THE PROBLEM:
Please print the entries below exactly, from the line with "using assms by (intro summable_comparison_test'[OF" through the line with "arctan (v /", including both of those lines and leaving out all others.
*** INPUT ***
(* Let $n_0>0$, $\alpha>0$, $P>0$. For each $T>0$ and integer $k\ge1$ let $\omega_k(T)>0$ be the unique positive solution of $2\arctan(\omega_k/\alpha)=k\pi-\omega_k T$, set $\lambda_k(T)=\frac{2\alpha P}{\alpha^2+\omega_k(T)^2}$ (the Mercer eigenvalues on $[0,T]$ of the kernel $Pe^{-\alpha|t_1-t_2|}$), and define $$I(T)=\frac12\sum_{k=1}^{\infty}\log\left(1+\frac{\lambda_k(T)}{n_0/2}\right).$$ Then the instantaneous finite-time rate at the origin satisfies $$C(0^+)=\frac{\partial I(T)}{\partial T}\Big|_{T=0^+}=\frac{P}{n_0}.$$
   Context: Setting: the transmitted signal is a zero-mean stationary Gaussian process with autocorrelation $Pe^{-\alpha|\tau|}$ observed on $[0,T]$ in additive white Gaussian noise of power spectral density $n_0/2$; $I(T)$ is the finite-time mutual information and $C(T)=I(T)/T$ the finite-time rate, with $C(0^+)$ its limit as $T\to0^+$, equal to the right derivative of $I$ at $T=0$ (where $I(0)=0$). Logarithms are natural. *)

theory Defs
  imports "HOL-Analysis.Analysis"
begin

definition omega :: "real \<Rightarrow> nat \<Rightarrow> real \<Rightarrow> real" where
  "omega \<alpha> k T = (THE w. w > 0 \<and> 2 * arctan (w / \<alpha>) = real k * pi - w * T)"

definition eig :: "real \<Rightarrow> real \<Rightarrow> nat \<Rightarrow> real \<Rightarrow> real" where
  "eig P \<alpha> k T = 2 * \<alpha> * P / (\<alpha>^2 + (omega \<alpha> k T)^2)"

definition MI :: "real \<Rightarrow> real \<Rightarrow> real \<Rightarrow> real \<Rightarrow> real" where
  "MI n0 P \<alpha> T = 1/2 * (\<Sum>k. ln (1 + eig P \<alpha> (Suc k) T / (n0 / 2)))"

end

theory Submission
  imports Defs
begin

(*
  For k = 1 the defining equation becomes arctan (\<alpha> / \<omega>_1) = \<omega>_1 T / 2, and the elementary
  bounds u / (1 + u^2) \<le> arctan u \<le> u squeeze \<lambda>_1(T) between 2 P T / (\<alpha> T + 2) and P T.
  For k \<ge> 2 one has \<omega>_k T \<ge> (k - 1) \<pi>, so \<lambda>_k(T) = O(T^2 / (k - 1)^2) and, by the Basel sum,
  all terms but the first contribute O(T^2) to I(T). Hence I(T) = P T / n0 + O(T^2).
*)

lemma arctan_ge_divide_one_plus_square:
  fixes u :: real
  assumes "0 \<le> u"
  shows "u / (1 + u\<^sup>2) \<le> arctan u"
proof -
  let ?h = "\<lambda>x::real. arctan x - x / (1 + x\<^sup>2)"
  have q: "0 < 1 + x\<^sup>2" for x :: real
    by (simp add: add_pos_nonneg)
  have "?h 0 \<le> ?h u"
  proof (rule DERIV_nonneg_imp_increasing_open[OF assms])
    fix x :: real
    have "(?h has_real_derivative inverse (1 + x\<^sup>2) - (1 * (1 + x\<^sup>2) - x * (2 * x)) / (1 + x\<^sup>2)\<^sup>2) (at x)"
      using q[of x] by (auto intro!: derivative_eq_intros simp: power2_eq_square)
    also have "inverse (1 + x\<^sup>2) - (1 * (1 + x\<^sup>2) - x * (2 * x)) / (1 + x\<^sup>2)\<^sup>2 = 2 * x\<^sup>2 / (1 + x\<^sup>2)\<^sup>2"
      using q[of x] by (simp add: divide_simps) (simp add: algebra_simps power2_eq_square)
    finally show "\<exists>y. (?h has_real_derivative y) (at x) \<and> 0 \<le> y" by force
  next
    show "continuous_on {0..u} ?h"
      using q by (intro continuous_intros) (auto simp: less_imp_neq[symmetric])
  qed
  then show ?thesis by simp
qed

lemma ln_one_plus_ge_divide:
  fixes y :: real
  assumes "0 \<le> y"
  shows "y / (1 + y) \<le> ln (1 + y)"
proof -
  have "ln (inverse (1 + y)) \<le> inverse (1 + y) - 1"
    using assms by (intro ln_le_minus_one) simp
  also have "\<dots> = - (y / (1 + y))"
    using assms by (simp add: field_simps)
  finally show ?thesis
    using assms by (simp add: ln_inverse)
qed

lemma suminf_le_head_plus_sums:
  fixes f g :: "nat \<Rightarrow> real"
  assumes "\<And>k. 0 \<le> f k" and "\<And>k. f (Suc k) \<le> g k" and "g sums s"
  shows "summable f" and "suminf f \<le> f 0 + s"
proof -
  have tail: "summable (\<lambda>k. f (Suc k))"
    using assms by (intro summable_comparison_test'[OF sums_summable[OF assms(3)]]) auto
  then show "summable f" by (simp add: summable_Suc_iff)
  have "(\<Sum>k. f (Suc k)) \<le> s"
    by (rule sums_le[OF assms(2) summable_sums[OF tail] assms(3)])
  with \<open>summable f\<close> show "suminf f \<le> f 0 + s" by (simp add: suminf_split_head)
qed

lemma omega_equation_ex1:
  assumes \<alpha>: "\<alpha> > 0" and T: "T > 0" and k: "k \<ge> 1"
  shows "\<exists>!w. w > 0 \<and> 2 * arctan (w / \<alpha>) = real k * pi - w * T"
proof -
  define f where "f w = 2 * arctan (w / \<alpha>) + w * T" for w
  have f_mono: "strict_mono f"
    using \<alpha> T by (intro strict_monoI) (simp add: f_def arctan_less_iff divide_strict_right_mono add_strict_mono)
  have "isCont f w" for w
    unfolding f_def using \<alpha> by (intro continuous_intros) auto
  moreover have "f 0 \<le> real k * pi" and "real k * pi \<le> f (real k * pi / T)"
    using \<alpha> T k by (simp_all add: f_def)
  ultimately obtain w where "0 \<le> w" and w: "f w = real k * pi"
    using IVT[of f 0 "real k * pi" "real k * pi / T"] k T by auto
  moreover have "w \<noteq> 0" using w k by (auto simp: f_def)
  ultimately have "w > 0 \<and> 2 * arctan (w / \<alpha>) = real k * pi - w * T"
    by (simp add: f_def algebra_simps)
  moreover have "v = w" if "2 * arctan (v / \<alpha>) = real k * pi - v * T" for v
    using strict_mono_eq[OF f_mono, of v w] that w by (simp add: f_def)
  ultimately show ?thesis by blast
qed

lemma omega:
  assumes "\<alpha> > 0" and "T > 0" and "k \<ge> 1"
  shows omega_pos: "omega \<alpha> k T > 0"
    and omega_equation: "2 * arctan (omega \<alpha> k T / \<alpha>) = real k * pi - omega \<alpha> k T * T"
  using theI'[OF omega_equation_ex1[OF assms]] by (simp_all add: omega_def)

lemma arctan_alpha_div_omega_one:
  assumes \<alpha>: "\<alpha> > 0" and T: "T > 0"
  shows "arctan (\<alpha> / omega \<alpha> 1 T) = omega \<alpha> 1 T * T / 2"
proof -
  have w: "omega \<alpha> 1 T > 0" using omega_pos[OF \<alpha> T] by simp
  have "arctan (1 / (omega \<alpha> 1 T / \<alpha>)) = pi / 2 - arctan (omega \<alpha> 1 T / \<alpha>)"
    using arctan_inverse[of "omega \<alpha> 1 T / \<alpha>"] w \<alpha> by simp
  then show ?thesis
    using omega_equation[OF \<alpha> T, of 1] by simp
qed

lemma eig_nonneg:
  assumes "\<alpha> > 0" and "P > 0"
  shows "0 \<le> eig P \<alpha> k T"
  using assms by (simp add: eig_def add_pos_nonneg)

lemma eig_one_le:
  assumes \<alpha>: "\<alpha> > 0" and T: "T > 0" and P: "P > 0"
  shows "eig P \<alpha> 1 T \<le> P * T"
proof -
  define w where "w = omega \<alpha> 1 T"
  have w: "w > 0" using omega_pos[OF \<alpha> T] by (simp add: w_def)
  have "\<alpha> * w / (\<alpha>\<^sup>2 + w\<^sup>2) = (\<alpha> / w) / (1 + (\<alpha> / w)\<^sup>2)"
    using w by (simp add: field_simps power2_eq_square)
  also have "\<dots> \<le> arctan (\<alpha> / w)"
    using \<alpha> w by (intro arctan_ge_divide_one_plus_square) simp
  also have "\<dots> = w * T / 2"
    using arctan_alpha_div_omega_one[OF \<alpha> T] by (simp add: w_def)
  finally have "w * (2 * \<alpha>) \<le> w * (T * (\<alpha>\<^sup>2 + w\<^sup>2))"
    using \<alpha> w by (simp add: field_simps add_pos_nonneg)
  then have "2 * \<alpha> \<le> T * (\<alpha>\<^sup>2 + w\<^sup>2)"
    using w by simp
  then have "2 * \<alpha> * P \<le> P * T * (\<alpha>\<^sup>2 + w\<^sup>2)"
    using P by (metis less_imp_le mult.assoc mult.commute mult_left_mono)
  then show ?thesis
    using \<alpha> by (simp add: eig_def w_def pos_divide_le_eq add_pos_nonneg)
qed

lemma eig_one_ge:
  assumes \<alpha>: "\<alpha> > 0" and T: "T > 0" and P: "P > 0"
  shows "2 * P * T / (\<alpha> * T + 2) \<le> eig P \<alpha> 1 T"
proof -
  define w where "w = omega \<alpha> 1 T"
  have w: "w > 0" using omega_pos[OF \<alpha> T] by (simp add: w_def)
  have "w * T / 2 = arctan (\<alpha> / w)"
    using arctan_alpha_div_omega_one[OF \<alpha> T] by (simp add: w_def)
  also have "\<dots> \<le> \<alpha> / w"
    using \<alpha> w by (intro arctan_le_self) simp
  finally have "T * w\<^sup>2 \<le> 2 * \<alpha>"
    using w by (simp add: field_simps power2_eq_square)
  then have "2 * P * T * (\<alpha>\<^sup>2 + w\<^sup>2) \<le> 2 * \<alpha> * P * (\<alpha> * T + 2)"
    using \<alpha> P by (simp add: algebra_simps power2_eq_square)
  then show ?thesis
    using \<alpha> T by (simp add: eig_def w_def field_simps add_pos_nonneg)
qed

lemma eig_Suc_le:
  assumes \<alpha>: "\<alpha> > 0" and T: "T > 0" and P: "P > 0" and k: "k \<ge> 1"
  shows "eig P \<alpha> (Suc k) T \<le> 2 * \<alpha> * P * T\<^sup>2 / (pi\<^sup>2 * (real k)\<^sup>2)"
proof -
  define w where "w = omega \<alpha> (Suc k) T"
  have "arctan (w / \<alpha>) < pi / 2" by (rule arctan_ubound)
  then have "pi * real k / T \<le> w"
    using omega_equation[OF \<alpha> T, of "Suc k"] T by (simp add: w_def field_simps)
  moreover have pos: "0 < pi * real k / T"
    using k T by simp
  ultimately have "(pi * real k / T)\<^sup>2 \<le> \<alpha>\<^sup>2 + w\<^sup>2"
    by (smt (verit) power_mono zero_le_power2)
  then have "eig P \<alpha> (Suc k) T \<le> 2 * \<alpha> * P / (pi * real k / T)\<^sup>2"
    unfolding eig_def w_def using \<alpha> P k pos by (intro divide_left_mono) (auto intro!: mult_pos_pos add_pos_nonneg)
  also have "\<dots> = 2 * \<alpha> * P * T\<^sup>2 / (pi\<^sup>2 * (real k)\<^sup>2)"
    by (simp add: power_divide power_mult_distrib)
  finally show ?thesis .
qed

lemma MI_series_le:
  assumes n0: "n0 > 0" and \<alpha>: "\<alpha> > 0" and T: "T > 0" and P: "P > 0"
  shows "summable (\<lambda>k. ln (1 + eig P \<alpha> (Suc k) T / (n0 / 2)))"
    and "(\<Sum>k. ln (1 + eig P \<alpha> (Suc k) T / (n0 / 2)))
           \<le> ln (1 + eig P \<alpha> 1 T / (n0 / 2)) + 2 * \<alpha> * P * T\<^sup>2 / (3 * n0)"
proof -
  define c where "c = 4 * \<alpha> * P * T\<^sup>2 / (n0 * pi\<^sup>2)"
  have eig_div: "0 \<le> eig P \<alpha> k T / (n0 / 2)" for k
    using eig_nonneg[OF \<alpha> P] n0 by simp
  have "(\<lambda>k. c * (1 / real ((k + 1)\<^sup>2))) sums (c * (pi\<^sup>2 / 6))"
    by (intro sums_mult inverse_squares_sums)
  also have "c * (pi\<^sup>2 / 6) = 2 * \<alpha> * P * T\<^sup>2 / (3 * n0)"
    by (simp add: c_def field_simps)
  finally have sums: "(\<lambda>k. c * (1 / real ((k + 1)\<^sup>2))) sums (2 * \<alpha> * P * T\<^sup>2 / (3 * n0))" .
  have tail: "ln (1 + eig P \<alpha> (Suc (Suc k)) T / (n0 / 2)) \<le> c * (1 / real ((k + 1)\<^sup>2))" for k
  proof -
    have "ln (1 + eig P \<alpha> (Suc (Suc k)) T / (n0 / 2)) \<le> eig P \<alpha> (Suc (Suc k)) T / (n0 / 2)"
      using eig_div by (rule ln_add_one_self_le_self)
    also have "\<dots> \<le> (2 * \<alpha> * P * T\<^sup>2 / (pi\<^sup>2 * (real (Suc k))\<^sup>2)) / (n0 / 2)"
      using eig_Suc_le[OF \<alpha> T P, of "Suc k"] n0 by (intro divide_right_mono) auto
    also have "\<dots> = c * (1 / real ((k + 1)\<^sup>2))"
      by (simp add: c_def field_simps)
    finally show ?thesis .
  qed
  show "summable (\<lambda>k. ln (1 + eig P \<alpha> (Suc k) T / (n0 / 2)))"
    using suminf_le_head_plus_sums(1)[OF _ tail sums] eig_div by simp
  show "(\<Sum>k. ln (1 + eig P \<alpha> (Suc k) T / (n0 / 2)))
          \<le> ln (1 + eig P \<alpha> 1 T / (n0 / 2)) + 2 * \<alpha> * P * T\<^sup>2 / (3 * n0)"
    using suminf_le_head_plus_sums(2)[OF _ tail sums] eig_div by simp
qed

lemma MI_ge:
  assumes n0: "n0 > 0" and \<alpha>: "\<alpha> > 0" and T: "T > 0" and P: "P > 0"
  shows "2 * P * T / (n0 * (\<alpha> * T + 2) + 4 * P * T) \<le> MI n0 P \<alpha> T"
proof -
  define D where "D = n0 * (\<alpha> * T + 2)"
  have D: "0 < D"
    using n0 \<alpha> T by (simp add: D_def add_pos_pos)
  define y where "y = 4 * P * T / D"
  have y: "0 \<le> y"
    using D P T by (simp add: y_def)
  have y_le: "y \<le> eig P \<alpha> 1 T / (n0 / 2)"
  proof -
    have "y = (2 * P * T / (\<alpha> * T + 2)) / (n0 / 2)"
      using n0 by (simp add: y_def D_def field_simps)
    also have "\<dots> \<le> eig P \<alpha> 1 T / (n0 / 2)"
      using eig_one_ge[OF \<alpha> T P] n0 by (intro divide_right_mono) auto
    finally show ?thesis .
  qed
  have "2 * P * T / (D + 4 * P * T) = 1/2 * (y / (1 + y))"
    using D P T by (simp add: y_def field_simps add_pos_pos)
  also have "\<dots> \<le> 1/2 * ln (1 + y)"
    by (rule mult_left_mono[OF ln_one_plus_ge_divide[OF y]]) simp
  also have "\<dots> \<le> 1/2 * ln (1 + eig P \<alpha> 1 T / (n0 / 2))"
    using y y_le by simp
  also have "\<dots> \<le> MI n0 P \<alpha> T"
    unfolding MI_def
    using sum_le_suminf[OF MI_series_le(1)[OF assms], of "{0}"] eig_nonneg[OF \<alpha> P] n0 by simp
  finally show ?thesis
    by (simp add: D_def)
qed

lemma MI_le:
  assumes n0: "n0 > 0" and \<alpha>: "\<alpha> > 0" and T: "T > 0" and P: "P > 0"
  shows "MI n0 P \<alpha> T \<le> P * T / n0 + \<alpha> * P * T\<^sup>2 / (3 * n0)"
proof -
  have "ln (1 + eig P \<alpha> 1 T / (n0 / 2)) \<le> eig P \<alpha> 1 T / (n0 / 2)"
    using eig_nonneg[OF \<alpha> P] n0 by (intro ln_add_one_self_le_self) simp
  also have "\<dots> \<le> P * T / (n0 / 2)"
    using eig_one_le[OF \<alpha> T P] n0 by (simp add: divide_right_mono)
  finally show ?thesis
    using MI_series_le(2)[OF assms] n0 unfolding MI_def by (simp add: field_simps)
qed

theorem theorem3:
  fixes n0 \<alpha> P :: real
  assumes "n0 > 0" and "\<alpha> > 0" and "P > 0"
  shows "((\<lambda>T. MI n0 P \<alpha> T / T) \<longlongrightarrow> P / n0) (at_right 0)"
proof (rule tendsto_sandwich)
  show "\<forall>\<^sub>F T in at_right 0. 2 * P / (n0 * (\<alpha> * T + 2) + 4 * P * T) \<le> MI n0 P \<alpha> T / T"
    using eventually_at_right_less
  proof eventually_elim
    case (elim T)
    then show ?case
      using MI_ge[OF assms(1,2) elim assms(3)] by (simp add: pos_le_divide_eq)
  qed
  show "\<forall>\<^sub>F T in at_right 0. MI n0 P \<alpha> T / T \<le> P / n0 + \<alpha> * P * T / (3 * n0)"
    using eventually_at_right_less
  proof eventually_elim
    case (elim T)
    have "MI n0 P \<alpha> T \<le> (P / n0 + \<alpha> * P * T / (3 * n0)) * T"
      using MI_le[OF assms(1,2) elim assms(3)] by (simp add: algebra_simps power2_eq_square)
    then show ?case
      using elim by (simp add: pos_divide_le_eq)
  qed
  show "((\<lambda>T. 2 * P / (n0 * (\<alpha> * T + 2) + 4 * P * T)) \<longlongrightarrow> P / n0) (at_right 0)"
    using assms by (auto intro!: tendsto_eq_intros)
  show "((\<lambda>T. P / n0 + \<alpha> * P * T / (3 * n0)) \<longlongrightarrow> P / n0) (at_right 0)"
    using assms by (auto intro!: tendsto_eq_intros)
qed

end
***
OUTPUT OF THE TASK:
    using assms by (intro summable_comparison_test'[OF sums_summable[OF assms(3)]]) auto
  then show "summable f" by (simp add: summable_Suc_iff)
  have "(\<Sum>k. f (Suc k)) \<le> s"
    by (rule sums_le[OF assms(2) summable_sums[OF tail] assms(3)])
  with \<open>summable f\<close> show "suminf f \<le> f 0 + s" by (simp add: suminf_split_head)
qed

lemma omega_equation_ex1:
  assumes \<alpha>: "\<alpha> > 0" and T: "T > 0" and k: "k \<ge> 1"
  shows "\<exists>!w. w > 0 \<and> 2 * arctan (w / \<alpha>) = real k * pi - w * T"
proof -
  define f where "f w = 2 * arctan (w / \<alpha>) + w * T" for w
  have f_mono: "strict_mono f"
    using \<alpha> T by (intro strict_monoI) (simp add: f_def arctan_less_iff divide_strict_right_mono add_strict_mono)
  have "isCont f w" for w
    unfolding f_def using \<alpha> by (intro continuous_intros) auto
  moreover have "f 0 \<le> real k * pi" and "real k * pi \<le> f (real k * pi / T)"
    using \<alpha> T k by (simp_all add: f_def)
  ultimately obtain w where "0 \<le> w" and w: "f w = real k * pi"
    using IVT[of f 0 "real k * pi" "real k * pi / T"] k T by auto
  moreover have "w \<noteq> 0" using w k by (auto simp: f_def)
  ultimately have "w > 0 \<and> 2 * arctan (w / \<alpha>) = real k * pi - w * T"
    by (simp add: f_def algebra_simps)
  moreover have "v = w" if "2 * arctan (v / \<alpha>) = real k * pi - v * T" for v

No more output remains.